PROBLEM TO WORK ON —
No record may be left out; print them all verbatim.

Data extracted from a collection
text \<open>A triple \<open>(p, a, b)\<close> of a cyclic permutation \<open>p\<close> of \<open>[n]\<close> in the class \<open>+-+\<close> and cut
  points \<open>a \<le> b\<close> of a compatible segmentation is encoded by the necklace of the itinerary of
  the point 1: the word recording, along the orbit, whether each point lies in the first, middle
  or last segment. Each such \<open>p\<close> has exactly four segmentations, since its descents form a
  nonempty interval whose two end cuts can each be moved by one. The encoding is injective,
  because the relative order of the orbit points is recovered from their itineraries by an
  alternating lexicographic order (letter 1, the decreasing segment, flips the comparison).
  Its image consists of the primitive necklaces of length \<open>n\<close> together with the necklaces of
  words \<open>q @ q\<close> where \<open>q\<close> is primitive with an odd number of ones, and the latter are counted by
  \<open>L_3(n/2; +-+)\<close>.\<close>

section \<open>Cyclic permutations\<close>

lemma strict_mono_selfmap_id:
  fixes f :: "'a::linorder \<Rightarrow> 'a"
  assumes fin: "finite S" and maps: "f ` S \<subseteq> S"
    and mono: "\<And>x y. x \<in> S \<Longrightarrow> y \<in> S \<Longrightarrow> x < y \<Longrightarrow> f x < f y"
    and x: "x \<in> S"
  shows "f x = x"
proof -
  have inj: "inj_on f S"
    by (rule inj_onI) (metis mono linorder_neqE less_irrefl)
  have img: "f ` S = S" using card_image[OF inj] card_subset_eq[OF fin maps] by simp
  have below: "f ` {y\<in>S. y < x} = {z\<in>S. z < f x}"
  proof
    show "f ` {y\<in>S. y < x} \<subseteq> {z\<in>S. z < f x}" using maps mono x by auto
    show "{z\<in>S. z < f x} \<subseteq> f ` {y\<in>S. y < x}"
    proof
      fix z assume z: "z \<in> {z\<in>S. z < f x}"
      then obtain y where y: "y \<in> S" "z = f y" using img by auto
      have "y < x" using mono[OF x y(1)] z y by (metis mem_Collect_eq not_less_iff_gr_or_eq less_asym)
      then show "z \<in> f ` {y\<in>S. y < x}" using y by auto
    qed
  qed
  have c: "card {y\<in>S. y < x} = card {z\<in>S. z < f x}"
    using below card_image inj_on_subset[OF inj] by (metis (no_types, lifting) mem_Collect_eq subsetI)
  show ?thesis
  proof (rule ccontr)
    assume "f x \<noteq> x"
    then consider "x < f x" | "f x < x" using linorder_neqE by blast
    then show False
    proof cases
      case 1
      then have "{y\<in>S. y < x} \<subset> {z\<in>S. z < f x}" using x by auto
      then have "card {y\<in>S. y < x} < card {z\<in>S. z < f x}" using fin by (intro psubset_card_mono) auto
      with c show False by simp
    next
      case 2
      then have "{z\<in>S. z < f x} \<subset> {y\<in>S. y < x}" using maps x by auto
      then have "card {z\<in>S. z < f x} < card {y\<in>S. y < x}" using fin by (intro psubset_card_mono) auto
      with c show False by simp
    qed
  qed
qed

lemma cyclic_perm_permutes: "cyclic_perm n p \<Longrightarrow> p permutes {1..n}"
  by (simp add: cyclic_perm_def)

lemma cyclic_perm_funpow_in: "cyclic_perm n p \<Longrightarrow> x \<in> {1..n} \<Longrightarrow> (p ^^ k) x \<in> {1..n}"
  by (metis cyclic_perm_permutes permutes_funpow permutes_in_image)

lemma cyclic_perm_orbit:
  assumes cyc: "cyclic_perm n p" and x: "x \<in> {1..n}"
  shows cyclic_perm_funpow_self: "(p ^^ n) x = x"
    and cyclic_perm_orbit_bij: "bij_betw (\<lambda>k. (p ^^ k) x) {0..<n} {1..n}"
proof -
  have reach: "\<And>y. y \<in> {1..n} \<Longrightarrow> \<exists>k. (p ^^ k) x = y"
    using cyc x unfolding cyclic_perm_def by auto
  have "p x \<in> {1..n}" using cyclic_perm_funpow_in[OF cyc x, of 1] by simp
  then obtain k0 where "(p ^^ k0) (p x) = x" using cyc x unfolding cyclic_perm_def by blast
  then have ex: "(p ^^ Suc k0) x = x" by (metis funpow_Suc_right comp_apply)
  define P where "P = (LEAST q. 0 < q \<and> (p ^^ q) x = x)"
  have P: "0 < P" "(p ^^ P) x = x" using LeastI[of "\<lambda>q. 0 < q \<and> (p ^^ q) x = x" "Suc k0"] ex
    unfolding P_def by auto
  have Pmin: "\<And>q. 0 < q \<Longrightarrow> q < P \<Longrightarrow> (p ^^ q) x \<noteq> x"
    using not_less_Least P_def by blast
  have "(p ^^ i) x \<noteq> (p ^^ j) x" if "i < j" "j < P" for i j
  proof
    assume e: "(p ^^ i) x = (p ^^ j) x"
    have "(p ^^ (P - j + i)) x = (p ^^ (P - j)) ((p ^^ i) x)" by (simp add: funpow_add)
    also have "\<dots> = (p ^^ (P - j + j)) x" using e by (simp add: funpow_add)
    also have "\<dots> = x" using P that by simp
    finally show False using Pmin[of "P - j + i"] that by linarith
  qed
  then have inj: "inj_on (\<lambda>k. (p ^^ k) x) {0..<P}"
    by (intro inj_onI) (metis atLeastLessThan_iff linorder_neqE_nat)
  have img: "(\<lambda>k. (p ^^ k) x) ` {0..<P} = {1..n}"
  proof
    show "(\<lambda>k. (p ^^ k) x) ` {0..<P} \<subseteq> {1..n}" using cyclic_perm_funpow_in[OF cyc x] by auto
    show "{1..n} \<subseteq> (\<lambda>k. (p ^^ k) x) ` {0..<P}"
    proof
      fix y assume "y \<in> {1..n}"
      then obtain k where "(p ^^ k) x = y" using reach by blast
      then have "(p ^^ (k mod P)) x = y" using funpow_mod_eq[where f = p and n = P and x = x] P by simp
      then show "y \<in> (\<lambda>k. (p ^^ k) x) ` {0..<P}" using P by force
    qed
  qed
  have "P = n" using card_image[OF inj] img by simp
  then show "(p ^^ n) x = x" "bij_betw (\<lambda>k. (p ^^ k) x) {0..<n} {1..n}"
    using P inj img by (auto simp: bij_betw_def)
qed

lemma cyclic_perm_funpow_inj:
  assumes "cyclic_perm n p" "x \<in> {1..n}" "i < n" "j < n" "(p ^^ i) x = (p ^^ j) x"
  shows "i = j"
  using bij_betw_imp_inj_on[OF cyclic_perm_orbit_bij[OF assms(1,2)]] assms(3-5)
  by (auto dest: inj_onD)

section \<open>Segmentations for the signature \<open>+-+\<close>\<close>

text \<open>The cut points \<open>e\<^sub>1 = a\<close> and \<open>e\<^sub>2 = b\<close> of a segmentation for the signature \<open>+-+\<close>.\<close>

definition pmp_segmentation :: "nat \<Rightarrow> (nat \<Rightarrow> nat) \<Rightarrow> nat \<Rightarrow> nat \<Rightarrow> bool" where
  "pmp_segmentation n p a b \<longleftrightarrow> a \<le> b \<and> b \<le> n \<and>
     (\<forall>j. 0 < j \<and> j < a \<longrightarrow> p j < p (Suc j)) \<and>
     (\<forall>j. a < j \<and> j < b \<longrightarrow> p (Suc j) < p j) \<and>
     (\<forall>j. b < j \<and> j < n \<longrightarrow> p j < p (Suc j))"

WORKED SOLUTION —
text \<open>A triple \<open>(p, a, b)\<close> of a cyclic permutation \<open>p\<close> of \<open>[n]\<close> in the class \<open>+-+\<close> and cut
  points \<open>a \<le> b\<close> of a compatible segmentation is encoded by the necklace of the itinerary of
  the point 1: the word recording, along the orbit, whether each point lies in the first, middle
  or last segment. Each such \<open>p\<close> has exactly four segmentations, since its descents form a
  nonempty interval whose two end cuts can each be moved by one. The encoding is injective,
  because the relative order of the orbit points is recovered from their itineraries by an
  alternating lexicographic order (letter 1, the decreasing segment, flips the comparison).
  Its image consists of the primitive necklaces of length \<open>n\<close> together with the necklaces of
  words \<open>q @ q\<close> where \<open>q\<close> is primitive with an odd number of ones, and the latter are counted by
  \<open>L_3(n/2; +-+)\<close>.\<close>

section \<open>Cyclic permutations\<close>

lemma strict_mono_selfmap_id:
  fixes f :: "'a::linorder \<Rightarrow> 'a"
  assumes fin: "finite S" and maps: "f ` S \<subseteq> S"
    and mono: "\<And>x y. x \<in> S \<Longrightarrow> y \<in> S \<Longrightarrow> x < y \<Longrightarrow> f x < f y"
    and x: "x \<in> S"
  shows "f x = x"
proof -
  have inj: "inj_on f S"
    by (rule inj_onI) (metis mono linorder_neqE less_irrefl)
  have img: "f ` S = S" using card_image[OF inj] card_subset_eq[OF fin maps] by simp
  have below: "f ` {y\<in>S. y < x} = {z\<in>S. z < f x}"
  proof
    show "f ` {y\<in>S. y < x} \<subseteq> {z\<in>S. z < f x}" using maps mono x by auto
    show "{z\<in>S. z < f x} \<subseteq> f ` {y\<in>S. y < x}"
    proof
      fix z assume z: "z \<in> {z\<in>S. z < f x}"
      then obtain y where y: "y \<in> S" "z = f y" using img by auto
      have "y < x" using mono[OF x y(1)] z y by (metis mem_Collect_eq not_less_iff_gr_or_eq less_asym)
      then show "z \<in> f ` {y\<in>S. y < x}" using y by auto
    qed
  qed
  have c: "card {y\<in>S. y < x} = card {z\<in>S. z < f x}"
    using below card_image inj_on_subset[OF inj] by (metis (no_types, lifting) mem_Collect_eq subsetI)
  show ?thesis
  proof (rule ccontr)
    assume "f x \<noteq> x"
    then consider "x < f x" | "f x < x" using linorder_neqE by blast
    then show False
    proof cases
      case 1
      then have "{y\<in>S. y < x} \<subset> {z\<in>S. z < f x}" using x by auto
      then have "card {y\<in>S. y < x} < card {z\<in>S. z < f x}" using fin by (intro psubset_card_mono) auto
      with c show False by simp
    next
      case 2
      then have "{z\<in>S. z < f x} \<subset> {y\<in>S. y < x}" using maps x by auto
      then have "card {z\<in>S. z < f x} < card {y\<in>S. y < x}" using fin by (intro psubset_card_mono) auto
      with c show False by simp
    qed
  qed
qed

lemma cyclic_perm_permutes: "cyclic_perm n p \<Longrightarrow> p permutes {1..n}"
  by (simp add: cyclic_perm_def)

lemma cyclic_perm_funpow_in: "cyclic_perm n p \<Longrightarrow> x \<in> {1..n} \<Longrightarrow> (p ^^ k) x \<in> {1..n}"
  by (metis cyclic_perm_permutes permutes_funpow permutes_in_image)

lemma cyclic_perm_orbit:
  assumes cyc: "cyclic_perm n p" and x: "x \<in> {1..n}"
  shows cyclic_perm_funpow_self: "(p ^^ n) x = x"
    and cyclic_perm_orbit_bij: "bij_betw (\<lambda>k. (p ^^ k) x) {0..<n} {1..n}"
proof -
  have reach: "\<And>y. y \<in> {1..n} \<Longrightarrow> \<exists>k. (p ^^ k) x = y"
    using cyc x unfolding cyclic_perm_def by auto
  have "p x \<in> {1..n}" using cyclic_perm_funpow_in[OF cyc x, of 1] by simp
  then obtain k0 where "(p ^^ k0) (p x) = x" using cyc x unfolding cyclic_perm_def by blast
  then have ex: "(p ^^ Suc k0) x = x" by (metis funpow_Suc_right comp_apply)
  define P where "P = (LEAST q. 0 < q \<and> (p ^^ q) x = x)"
  have P: "0 < P" "(p ^^ P) x = x" using LeastI[of "\<lambda>q. 0 < q \<and> (p ^^ q) x = x" "Suc k0"] ex
    unfolding P_def by auto
  have Pmin: "\<And>q. 0 < q \<Longrightarrow> q < P \<Longrightarrow> (p ^^ q) x \<noteq> x"
    using not_less_Least P_def by blast
  have "(p ^^ i) x \<noteq> (p ^^ j) x" if "i < j" "j < P" for i j
  proof
    assume e: "(p ^^ i) x = (p ^^ j) x"
    have "(p ^^ (P - j + i)) x = (p ^^ (P - j)) ((p ^^ i) x)" by (simp add: funpow_add)
    also have "\<dots> = (p ^^ (P - j + j)) x" using e by (simp add: funpow_add)
    also have "\<dots> = x" using P that by simp
    finally show False using Pmin[of "P - j + i"] that by linarith
  qed
  then have inj: "inj_on (\<lambda>k. (p ^^ k) x) {0..<P}"
    by (intro inj_onI) (metis atLeastLessThan_iff linorder_neqE_nat)
  have img: "(\<lambda>k. (p ^^ k) x) ` {0..<P} = {1..n}"
  proof
    show "(\<lambda>k. (p ^^ k) x) ` {0..<P} \<subseteq> {1..n}" using cyclic_perm_funpow_in[OF cyc x] by auto
    show "{1..n} \<subseteq> (\<lambda>k. (p ^^ k) x) ` {0..<P}"
    proof
      fix y assume "y \<in> {1..n}"
      then obtain k where "(p ^^ k) x = y" using reach by blast
      then have "(p ^^ (k mod P)) x = y" using funpow_mod_eq[where f = p and n = P and x = x] P by simp
      then show "y \<in> (\<lambda>k. (p ^^ k) x) ` {0..<P}" using P by force
    qed
  qed
  have "P = n" using card_image[OF inj] img by simp
  then show "(p ^^ n) x = x" "bij_betw (\<lambda>k. (p ^^ k) x) {0..<n} {1..n}"
    using P inj img by (auto simp: bij_betw_def)
qed

lemma cyclic_perm_funpow_inj:
  assumes "cyclic_perm n p" "x \<in> {1..n}" "i < n" "j < n" "(p ^^ i) x = (p ^^ j) x"
  shows "i = j"
  using bij_betw_imp_inj_on[OF cyclic_perm_orbit_bij[OF assms(1,2)]] assms(3-5)
  by (auto dest: inj_onD)

section \<open>Segmentations for the signature \<open>+-+\<close>\<close>

text \<open>The cut points \<open>e\<^sub>1 = a\<close> and \<open>e\<^sub>2 = b\<close> of a segmentation for the signature \<open>+-+\<close>.\<close>

definition pmp_segmentation :: "nat \<Rightarrow> (nat \<Rightarrow> nat) \<Rightarrow> nat \<Rightarrow> nat \<Rightarrow> bool" where
  "pmp_segmentation n p a b \<longleftrightarrow> a \<le> b \<and> b \<le> n \<and>
     (\<forall>j. 0 < j \<and> j < a \<longrightarrow> p j < p (Suc j)) \<and>
     (\<forall>j. a < j \<and> j < b \<longrightarrow> p (Suc j) < p j) \<and>
     (\<forall>j. b < j \<and> j < n \<longrightarrow> p j < p (Suc j))"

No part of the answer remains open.